lemma in_ord_heightE:
  assumes "(X, Y) \<in> ord_height h E"
  obtains u v where "u \<in> below_root" "v \<in> below_root"
    "X = rank_class h E u" "Y = rank_class h E v" "ht_le h E u v"
  using assms unfolding ord_height_def below_root_def by blast

lemma Well_order_ord_height: "Well_order (ord_height h E)"
proof (rule Well_orderI)
  fix X assume "X \<in> Field (ord_height h E)"
  then obtain u where "u \<in> below_root" "X = rank_class h E u"
    unfolding Field_ord_height by blast
  then show "(X, X) \<in> ord_height h E"
    using in_ord_height_iff ht_le_refl unfolding below_root_def by blast
next
  fix X Y Z assume XY: "(X, Y) \<in> ord_height h E" and YZ: "(Y, Z) \<in> ord_height h E"
  obtain u v where uv: "u \<in> below_root" "v \<in> below_root"
    "X = rank_class h E u" "Y = rank_class h E v" "ht_le h E u v"
    using XY by (rule in_ord_heightE)
  obtain v' w where vw: "v' \<in> below_root" "w \<in> below_root"
    "Y = rank_class h E v'" "Z = rank_class h E w" "ht_le h E v' w"
    using YZ by (rule in_ord_heightE)
  have "ht_le h E v v'"
    using rank_class_eq_iff uv(2,4) vw(1,3) unfolding below_root_def by blast
  then have "ht_le h E u w"
    using uv(5) vw(5) ht_le_trans by blast
  then show "(X, Z) \<in> ord_height h E"
    using in_ord_height_iff uv(1,3) vw(2,4) by blast
next
  fix X Y assume XY: "(X, Y) \<in> ord_height h E" and YX: "(Y, X) \<in> ord_height h E"
  obtain u v where uv: "u \<in> below_root" "v \<in> below_root"
    "X = rank_class h E u" "Y = rank_class h E v" "ht_le h E u v"
    using XY by (rule in_ord_heightE)
  moreover have "ht_le h E v u"
    using YX in_ord_height_iff uv by blast
  ultimately show "X = Y"
    using rank_class_eq_iff unfolding below_root_def by blast
next
  fix X Y assume "X \<in> Field (ord_height h E)" "Y \<in> Field (ord_height h E)"
  then obtain u v where uv: "u \<in> below_root" "v \<in> below_root"
    and X: "X = rank_class h E u" and Y: "Y = rank_class h E v"
    unfolding Field_ord_height by blast
  then show "(X, Y) \<in> ord_height h E \<or> (Y, X) \<in> ord_height h E"
    using in_ord_height_iff ht_le_total unfolding below_root_def by blast
next
  fix A assume A: "A \<subseteq> Field (ord_height h E)" "A \<noteq> {}"
  define S where "S = {u \<in> below_root. rank_class h E u \<in> A}"
  have "S \<noteq> {}"
    using A unfolding S_def Field_ord_height by blast
  then obtain u where u: "u \<in> S" and u_min: "\<And>v. v \<in> S \<Longrightarrow> \<not> ht_less h E v u"
    using wfp_ht_less by (metis ex_in_conv wfp_eq_minimal)
  have "(rank_class h E u, Y) \<in> ord_height h E" if Y: "Y \<in> A" for Y
  proof -
    obtain v where v: "v \<in> S" "Y = rank_class h E v"
      using A(1) Y unfolding S_def Field_ord_height by blast
    then have "ht_le h E u v"
      using u u_min ht_less_iff_not_ht_le unfolding S_def below_root_def by blast
    then show ?thesis
      using in_ord_height_iff u v unfolding S_def by blast
  qed
  then show "\<exists>X\<in>A. \<forall>Y\<in>A. (X, Y) \<in> ord_height h E"
    using u unfolding S_def by blast
qed

end

section \<open>The points p_alpha and the intervals\<close>

lemma ordinal_decreasing_minimal:
  assumes "ordinal_decreasing h E" "S \<subseteq> E" "x \<in> S"
  obtains m where "m \<in> S" "\<And>y. y \<in> S \<Longrightarrow> y < m \<Longrightarrow> h m \<le> h y"
proof -
  define R where "R = {(y, x). x \<in> E \<and> y \<in> E \<and> y < x \<and> h y < h x}"
  have "wf R"
  proof (rule ccontr)
    assume "\<not> wf R"
    then obtain s where "\<And>i. (s (Suc i), s i) \<in> R"
      unfolding wf_iff_no_infinite_down_chain by blast
    then show False
      using assms(1) unfolding ordinal_decreasing_def R_def by blast
  qed
  then obtain m where m: "m \<in> S" "\<And>y. (y, m) \<in> R \<Longrightarrow> y \<notin> S"
    using wfE_min[OF _ assms(3)] by blast
  have "h m \<le> h y" if "y \<in> S" "y < m" for y
  proof (rule ccontr)
    assume "\<not> h m \<le> h y"
    then have "(y, m) \<in> R"
      using that m(1) assms(2) unfolding R_def by auto
    then show False
      using m(2) that(1) by blast
  qed
  with m(1) show ?thesis
    using that by blast
qed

= EXERCISE =
Provide every line from the material that contains the word "lemma".

= YOUR SOLUTION =
lemma in_ord_heightE:
lemma Well_order_ord_height: "Well_order (ord_height h E)"
lemma ordinal_decreasing_minimal:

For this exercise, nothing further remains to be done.